Di saat sedang berbincang bincang,tiba tiba Kasim berteriak.
PUTRI MAHKOTA XIA JILIN LIAN MEMASUKI RUANGAN!!!.
PANGERAN MAHKOTA XIA SHEN FAI MEMASUK RUANGAN!!!.
Semua orang langsung menatap kedatangan Jilin,Fai dan Fei mereka terkagum kagum dengan ketampanan dan kecantikan dari dua orang wanita yang sedang berjalan itu.
Jilin menatap semua orang dengan tatapan datar tak ada senyuman yang terpancar dari wajahnya.
Begitu pun dengan Fai yang menatap para putri dengan malas,Fei hanya bisa menundukan kepalanya karena malu,dia merasa dia tak pantas berdandan selayaknya seorang putri bangsawan.
Kaisar melihat kedatangan mereka, tersenyum sangat tipis hampir tidak ada orang yang menyadarinya.
Kaisar menatap putri Jilin dengan teliti,kaisar melihat putri Jilin seperti menatap mendiang istrinya.
kaisar beralih menatap pelayan nya yaitu Fei,Jilin memang berhati emas,dia selalu perhatian kepada Fei,selayaknya seorang adik kepada kakaknya.
Salam yang mulia kaisar semoga panjang umur sampai seribu tahun ucap mereka serempak,dan di angguki oleh kaisar Chu.

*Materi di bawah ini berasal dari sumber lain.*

theorem lemma3p4:
  fixes chi b \<nu> \<mu> c :: real
    and r :: "real \<Rightarrow> real" and rm rstar :: real
    and r1 x1 \<epsilon> ceps x0 :: real
    and \<phi> :: "real \<Rightarrow> real"
    and u Ulow Ustar :: "real \<Rightarrow> real"
    and U :: "real \<Rightarrow> real \<Rightarrow> real"
  assumes pos: "0 < chi" "0 < b" "0 < \<nu>" "0 < \<mu>"
    and r_holder: "holder_cont r" and r_bdd: "bounded (range r)"
    and r_lim_top: "(r \<longlongrightarrow> rstar) at_top"
    and r_lim_bot: "(r \<longlongrightarrow> rm) at_bot"
    and r_signs: "rm < 0" "0 < rstar"
    and r_between: "\<And>x. rm \<le> r x \<and> r x \<le> rstar"
    and b_big: "b > 2 * chi * \<mu>"
    and c_big: "c > chi * \<mu> * rstar / (2 * sqrt \<nu> * (b - chi * \<mu>))
                    - 2 * sqrt (rstar * (b - 2 * chi * \<mu>) / (b - chi * \<mu>))"
    \<comment> \<open>choice of r_1, x_1\<close>
    and r1: "rm < r1" "r1 < 0"
    and x1: "\<And>x. x \<le> x1 \<Longrightarrow> r x \<le> r1"
    \<comment> \<open>choice of epsilon and the traveling wave (phi_eps, c~_eps)\<close>
    and eps: "0 < \<epsilon>" "\<epsilon> < rstar * (b - 2 * chi * \<mu>) / (b - chi * \<mu>)"
    and ceps: "ceps > 2 * sqrt (rstar * (b - 2 * chi * \<mu>) / (b - chi * \<mu>))
        - (c - chi * \<mu> * rstar / (2 * sqrt \<nu> * (b - chi * \<mu>))
             + 2 * sqrt (rstar * (b - 2 * chi * \<mu>) / (b - chi * \<mu>))) / 2"
    and phi_decr: "\<And>x y. x \<le> y \<Longrightarrow> \<phi> y \<le> \<phi> x"
    and phi_ode: "\<exists>\<phi>' \<phi>''. \<forall>x. (\<phi> has_real_derivative \<phi>' x) (at x) \<and>
        (\<phi>' has_real_derivative \<phi>'' x) (at x) \<and>
        \<phi>'' x + ceps * \<phi>' x + f_eps chi b \<mu> rstar \<epsilon> (\<phi> x) = 0"
    and phi_lim_bot: "(\<phi> \<longlongrightarrow> ((rstar - \<epsilon>) * (b - chi * \<mu>) - chi * \<mu> * rstar) / (b - chi * \<mu>)^2) at_bot"
    and phi_lim_top: "(\<phi> \<longlongrightarrow> - \<epsilon>) at_top"
    \<comment> \<open>psi_eps(x) = phi_eps(-x) (translation absorbed into phi), psi_eps(x_0) = 0\<close>
    and x0: "x0 > x1" "\<phi> (- x0) = 0" "\<And>x. x > x0 \<Longrightarrow> r x \<ge> rstar - \<epsilon>"
    \<comment> \<open>u in E_1\<close>
    and u_E1: "u \<in> Cb_unif"
      "\<And>x. max (\<phi> (- x)) 0 \<le> u x"
      "\<And>x. u x \<le> min (rstar / (b - chi * \<mu>))
             (rstar / (b - chi * \<mu>) * exp ((- c + sqrt (c^2 - 4 * r1)) / 2 * (x - x1)))"
    \<comment> \<open>U(t,x;u) with initial datum U_1^+ and U_1^*(x;u) its limit as t \<rightarrow> \<infinity>\<close>
    and U_sol: "parabolic_sol chi b \<nu> \<mu> c r u
        (\<lambda>x. min (rstar / (b - chi * \<mu>))
             (rstar / (b - chi * \<mu>) * exp ((- c + sqrt (c^2 - 4 * r1)) / 2 * (x - x1)))) U"
    and U_lim: "\<And>x. ((\<lambda>t. U t x) \<longlongrightarrow> Ustar x) at_top"
    and Ustar_E1: "Ustar \<in> Cb_unif"
      "\<And>x. max (\<phi> (- x)) 0 \<le> Ustar x"
      "\<And>x. Ustar x \<le> min (rstar / (b - chi * \<mu>))
             (rstar / (b - chi * \<mu>) * exp ((- c + sqrt (c^2 - 4 * r1)) / 2 * (x - x1)))"
    and Ustar_sol: "elliptic_sol chi b \<nu> \<mu> c r u Ustar"
    \<comment> \<open>U_{1*}(.;u) in E_1, another solution of the elliptic equation\<close>
    and Ulow_E1: "Ulow \<in> Cb_unif"
      "\<And>x. max (\<phi> (- x)) 0 \<le> Ulow x"
      "\<And>x. Ulow x \<le> min (rstar / (b - chi * \<mu>))
             (rstar / (b - chi * \<mu>) * exp ((- c + sqrt (c^2 - 4 * r1)) / 2 * (x - x1)))"
    and Ulow_sol: "elliptic_sol chi b \<nu> \<mu> c r u Ulow"
  shows "((\<lambda>x. Ulow x / Ustar x) \<longlongrightarrow> 1) at_top"
proof -
  define \<beta> where "\<beta> = b - chi * \<mu>"
  have "0 < \<beta>" using b_big pos by (simp add: \<beta>_def)
  obtain A Q where a_bound: "\<And>x. \<bar>c - chi * Psi_x \<mu> \<nu> u x\<bar> \<le> A"
    and q_bound: "\<And>x. \<bar>r x - chi * \<nu> * Psi \<mu> \<nu> u x\<bar> \<le> Q"
    using elliptic_coefficients_bounded[OF u_E1(1) r_bdd pos(3)] by blast
  define L where "L = ((rstar - \<epsilon>) * \<beta> - chi * \<mu> * rstar) / \<beta>\<^sup>2"
  have "0 < L" using wave_plateau_pos[OF pos(1,4) b_big eps(2)] by (simp add: L_def \<beta>_def)
  \<comment> \<open>the lower barrier \<open>\<psi>\<^sub>\<epsilon>\<close> keeps both solutions away from 0 near \<open>+\<infinity>\<close>\<close>
  have "((\<lambda>x. \<phi> (- x)) \<longlongrightarrow> L) at_top"
    using filterlim_compose[OF phi_lim_bot filterlim_uminus_at_bot_at_top] by (simp add: L_def \<beta>_def)
  from order_tendstoD(1)[OF this, of "L / 2"]
  have barrier: "eventually (\<lambda>x. L / 2 \<le> \<phi> (- x)) at_top"
    using \<open>0 < L\<close> by (auto elim: eventually_mono)
  show ?thesis
  proof (rule logistic_sols_ratio_tendsto_one)
    show "logistic_sol (\<lambda>x. c - chi * Psi_x \<mu> \<nu> u x) (\<lambda>x. r x - chi * \<nu> * Psi \<mu> \<nu> u x) \<beta> Ustar"
      "logistic_sol (\<lambda>x. c - chi * Psi_x \<mu> \<nu> u x) (\<lambda>x. r x - chi * \<nu> * Psi \<mu> \<nu> u x) \<beta> Ulow"
      using Ustar_sol Ulow_sol by (simp_all add: elliptic_sol_iff_logistic_sol \<beta>_def)
    show "eventually (\<lambda>x. L / 2 \<le> Ustar x) at_top" "eventually (\<lambda>x. L / 2 \<le> Ulow x) at_top"
      using barrier Ustar_E1(2) Ulow_E1(2) by (auto elim!: eventually_mono intro: order_trans)
  next
    show "0 \<le> Ustar x" "Ustar x \<le> rstar / \<beta>" "0 \<le> Ulow x" "Ulow x \<le> rstar / \<beta>" for x
      using Ustar_E1(2,3)[of x] Ulow_E1(2,3)[of x] by (simp_all add: \<beta>_def)
  qed (use a_bound q_bound \<open>0 < \<beta>\<close> \<open>0 < L\<close> in auto)
qed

Fai,Fei dan Jilin pergi ke tempat duduk mereka masing masing,Jilin melihat hanya ada dua tempat duduk yang tersisa.
"Ambilkan kursi satu lagi untuk Fei",ucap kaisar Chu.
Jilin,Fai dan Fei kaget dengan teriakan Chu,apalagi kaisar menyuruh perajurit nya untuk mengambil kursi untuk Fei.
Jilin tak ambil pusing memikirkannya duduk dan memkan cemilan yang sudah tersedia di meja.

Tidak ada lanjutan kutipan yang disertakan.